------ Working data

(* Fix a layer $\ell$ of a neural network with weight matrix $W_\ell\in\mathbb{R}^{m\times n}$ and a perturbation $E_\ell\in\mathbb{R}^{m\times n}$, and set $\widehat W_\ell=W_\ell-E_\ell$. Let $z$ and $z'$ be independent random samples ($z$ from a training distribution, $z'$ from a possibly different validation distribution). For a sample $z$ let $h_\ell(z)\in\mathbb{R}^n$ be the input to layer $\ell$ (independent of $W_\ell$), $\delta_\ell(z)\in\mathbb{R}^m$ the upstream gradient at layer $\ell$ under weights $W_\ell$, and $\widehat\delta_\ell(z)$ the upstream gradient under weights $\widehat W_\ell$. Let $C_{h,\ell}=\mathbb{E}_z[h_\ell(z)h_\ell(z)^\top]$ and $C_{\delta,\ell}=\mathbb{E}_z[\delta_\ell(z)\delta_\ell(z)^\top]$, assumed symmetric positive definite, and set $\tilde h_\ell=C_{h,\ell}^{-1/2}h_\ell$, $\tilde\delta_\ell=C_{\delta,\ell}^{-1/2}\delta_\ell$, $\widehat{\tilde\delta}_\ell=C_{\delta,\ell}^{-1/2}\widehat\delta_\ell$, $\Delta\tilde\delta_\ell=\widehat{\tilde\delta}_\ell-\tilde\delta_\ell$. Define the layer-$\ell$ influence-function contributions $$I_{\mathrm{IF},W_\ell}(z,z')=-\langle\tilde h_\ell(z'),\tilde h_\ell(z)\rangle\,\langle\tilde\delta_\ell(z'),\tilde\delta_\ell(z)\rangle,\qquad I_{\mathrm{IF},\widehat W_\ell}(z,z')=-\langle\tilde h_\ell(z'),\tilde h_\ell(z)\rangle\,\langle\widehat{\tilde\delta}_\ell(z'),\widehat{\tilde\delta}_\ell(z)\rangle,$$ the first-order term $$\Delta I^{(1)}(z,z')=-\langle\Delta\tilde\delta_\ell(z'),\tilde\delta_\ell(z)\rangle\langle\tilde h_\ell(z'),\tilde h_\ell(z)\rangle-\langle\tilde\delta_\ell(z'),\Delta\tilde\delta_\ell(z)\rangle\langle\tilde h_\ell(z'),\tilde h_\ell(z)\rangle,$$ and the remainder $R(z,z')=I_{\mathrm{IF},\widehat W_\ell}(z,z')-I_{\mathrm{IF},W_\ell}(z,z')-\Delta I^{(1)}(z,z')$. Assume: (B1) $\mathbb{E}_z[\|\tilde\delta_\ell(z)\|\|\tilde h_\ell(z)\|]$ and $\mathbb{E}_{z'}[\|\tilde\delta_\ell(z')\|\|\tilde h_\ell(z')\|]$ are finite. (B2) There is a measurable $K(\cdot)\ge0$ with $\|\widehat\delta_\ell(z)-\delta_\ell(z)\|\le K(z)\|E_\ell\|_F$ (for $z$ and $z'$), and $\mathbb{E}_z[K(z)\|\tilde h_\ell(z)\|]$, $\mathbb{E}_{z'}[K(z')\|\tilde h_\ell(z')\|]$ are finite. (B3) There exist $\rho>0$ and $c_{\mathrm{rem}}$ such that whenever $\|C_{\delta,\ell}^{-1/2}(W_\ell-\widehat W_\ell)C_{h,\ell}^{-1/2}\|_F\le\rho$, one has $\mathbb{E}_{z,z'}|R(z,z')|\le c_{\mathrm{rem}}\|C_{\delta,\ell}^{-1/2}E_\ell C_{h,\ell}^{-1/2}\|_F^2$. Then there exists a finite, data-dependent constant $C_\kappa>0$ such that $$\mathbb{E}_{z,z'}\big|I_{\mathrm{IF},\widehat W_\ell}(z,z')-I_{\mathrm{IF},W_\ell}(z,z')\big|\le C_\kappa\,\big\|C_{\delta,\ell}^{-1/2}E_\ell C_{h,\ell}^{-1/2}\big\|_F.$$
   Context: Norms and inner products are Euclidean, $\|\cdot\|_F$ is the Frobenius norm, and $M^{-1/2}$ denotes the inverse of the symmetric positive definite square root. The quantity $I_{\mathrm{IF},W_\ell}$ is the layer-$\ell$ influence-function score $-\nabla_{w_\ell}L(z')^\top\tilde{\mathcal H}_\ell^{-1}\nabla_{w_\ell}L(z)$ under the Kronecker-factored (K-FAC) Hessian approximation $\tilde{\mathcal H}_\ell=C_{h,\ell}\otimes C_{\delta,\ell}$, where $w_\ell=\mathrm{vec}(W_\ell)$ and $\nabla_{w_\ell}L(z)=h_\ell(z)\otimes\delta_\ell(z)$. *)

theory Defs
  imports "HOL-Analysis.Analysis" "HOL-Probability.Probability"
begin

definition spd_mat :: "real^'n^'n \<Rightarrow> bool" where
  "spd_mat A \<longleftrightarrow> transpose A = A \<and> (\<forall>x. x \<noteq> 0 \<longrightarrow> x \<bullet> (A *v x) > 0)"

definition spd_sqrt :: "real^'n^'n \<Rightarrow> real^'n^'n" where
  "spd_sqrt A = (THE S. spd_mat S \<and> S ** S = A)"

definition inv_sqrt :: "real^'n^'n \<Rightarrow> real^'n^'n" where
  "inv_sqrt A = matrix_inv (spd_sqrt A)"

definition frob_norm :: "real^'n^'m \<Rightarrow> real" where
  "frob_norm A = sqrt (\<Sum>i\<in>UNIV. \<Sum>j\<in>UNIV. (A $ i $ j)^2)"

definition outer :: "real^'m \<Rightarrow> real^'n \<Rightarrow> real^'n^'m" where
  "outer x y = (\<chi> i j. x $ i * y $ j)"

definition IF_score :: "real^'n^'n \<Rightarrow> real^'m^'m \<Rightarrow> ('z \<Rightarrow> real^'n) \<Rightarrow> ('z \<Rightarrow> real^'m)
    \<Rightarrow> 'z \<Rightarrow> 'z \<Rightarrow> real" where
  "IF_score Sh Sd h d z z' =
     - (((Sh *v h z') \<bullet> (Sh *v h z)) * ((Sd *v d z') \<bullet> (Sd *v d z)))"

definition first_order_term :: "real^'n^'n \<Rightarrow> real^'m^'m \<Rightarrow> ('z \<Rightarrow> real^'n) \<Rightarrow> ('z \<Rightarrow> real^'m)
    \<Rightarrow> ('z \<Rightarrow> real^'m) \<Rightarrow> 'z \<Rightarrow> 'z \<Rightarrow> real" where
  "first_order_term Sh Sd h d dhat z z' =
     (let ht = (\<lambda>x. Sh *v h x); dt = (\<lambda>x. Sd *v d x);
          Dd = (\<lambda>x. Sd *v dhat x - Sd *v d x)
      in - ((Dd z' \<bullet> dt z) * (ht z' \<bullet> ht z)) - ((dt z' \<bullet> Dd z) * (ht z' \<bullet> ht z)))"

definition remainder_term :: "real^'n^'n \<Rightarrow> real^'m^'m \<Rightarrow> ('z \<Rightarrow> real^'n) \<Rightarrow> ('z \<Rightarrow> real^'m)
    \<Rightarrow> ('z \<Rightarrow> real^'m) \<Rightarrow> 'z \<Rightarrow> 'z \<Rightarrow> real" where
  "remainder_term Sh Sd h d dhat z z' =
     IF_score Sh Sd h dhat z z' - IF_score Sh Sd h d z z' - first_order_term Sh Sd h d dhat z z'"

end

theory Submission
  imports Defs
begin

(* Write X = C_d^(-1/2) E C_h^(-1/2) for the whitened perturbation.  By Cauchy-Schwarz and (B2), the first-order
   term at (z, z') is at most |C_d^(-1/2)| |E| (f z * g z' + g z * f z') with f = |d~| |h~| and
   g = K |h~|.  Its expectation under the product measure factorises into the moments that (B1)
   and (B2) assume finite.  Since E = C_d^(1/2) X C_h^(1/2) and the Frobenius norm is
   submultiplicative, |E| <= |C_d^(1/2)| |C_h^(1/2)| |X|.  On the ball |X| <= rho, (B3) bounds the
   remainder by c_rem |X|^2 <= max c_rem 0 * rho * |X|.  The invertible square roots exist by the
   spectral theorem for symmetric matrices, obtained here by maximising the Rayleigh quotient on
   invariant subspaces. *)

lemma inner_matrix_vector_mult_symmetric:
  fixes A :: "real^'n^'n"
  assumes "transpose A = A"
  shows "(A *v x) \<bullet> y = x \<bullet> (A *v y)"
  by (metis assms dot_lmul_matrix transpose_matrix_vector)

------------

* _Task requirements_
Can you repeat, word for word, every line above from the one containing "(let ht = (\<lambda>x." down to the one containing "(* Write X = C_d^(-1/2)", including both?

* _Expected output_
     (let ht = (\<lambda>x. Sh *v h x); dt = (\<lambda>x. Sd *v d x);
          Dd = (\<lambda>x. Sd *v dhat x - Sd *v d x)
      in - ((Dd z' \<bullet> dt z) * (ht z' \<bullet> ht z)) - ((dt z' \<bullet> Dd z) * (ht z' \<bullet> ht z)))"

definition remainder_term :: "real^'n^'n \<Rightarrow> real^'m^'m \<Rightarrow> ('z \<Rightarrow> real^'n) \<Rightarrow> ('z \<Rightarrow> real^'m)
    \<Rightarrow> ('z \<Rightarrow> real^'m) \<Rightarrow> 'z \<Rightarrow> 'z \<Rightarrow> real" where
  "remainder_term Sh Sd h d dhat z z' =
     IF_score Sh Sd h dhat z z' - IF_score Sh Sd h d z z' - first_order_term Sh Sd h d dhat z z'"

end

theory Submission
  imports Defs
begin

(* Write X = C_d^(-1/2) E C_h^(-1/2) for the whitened perturbation.  By Cauchy-Schwarz and (B2), the first-order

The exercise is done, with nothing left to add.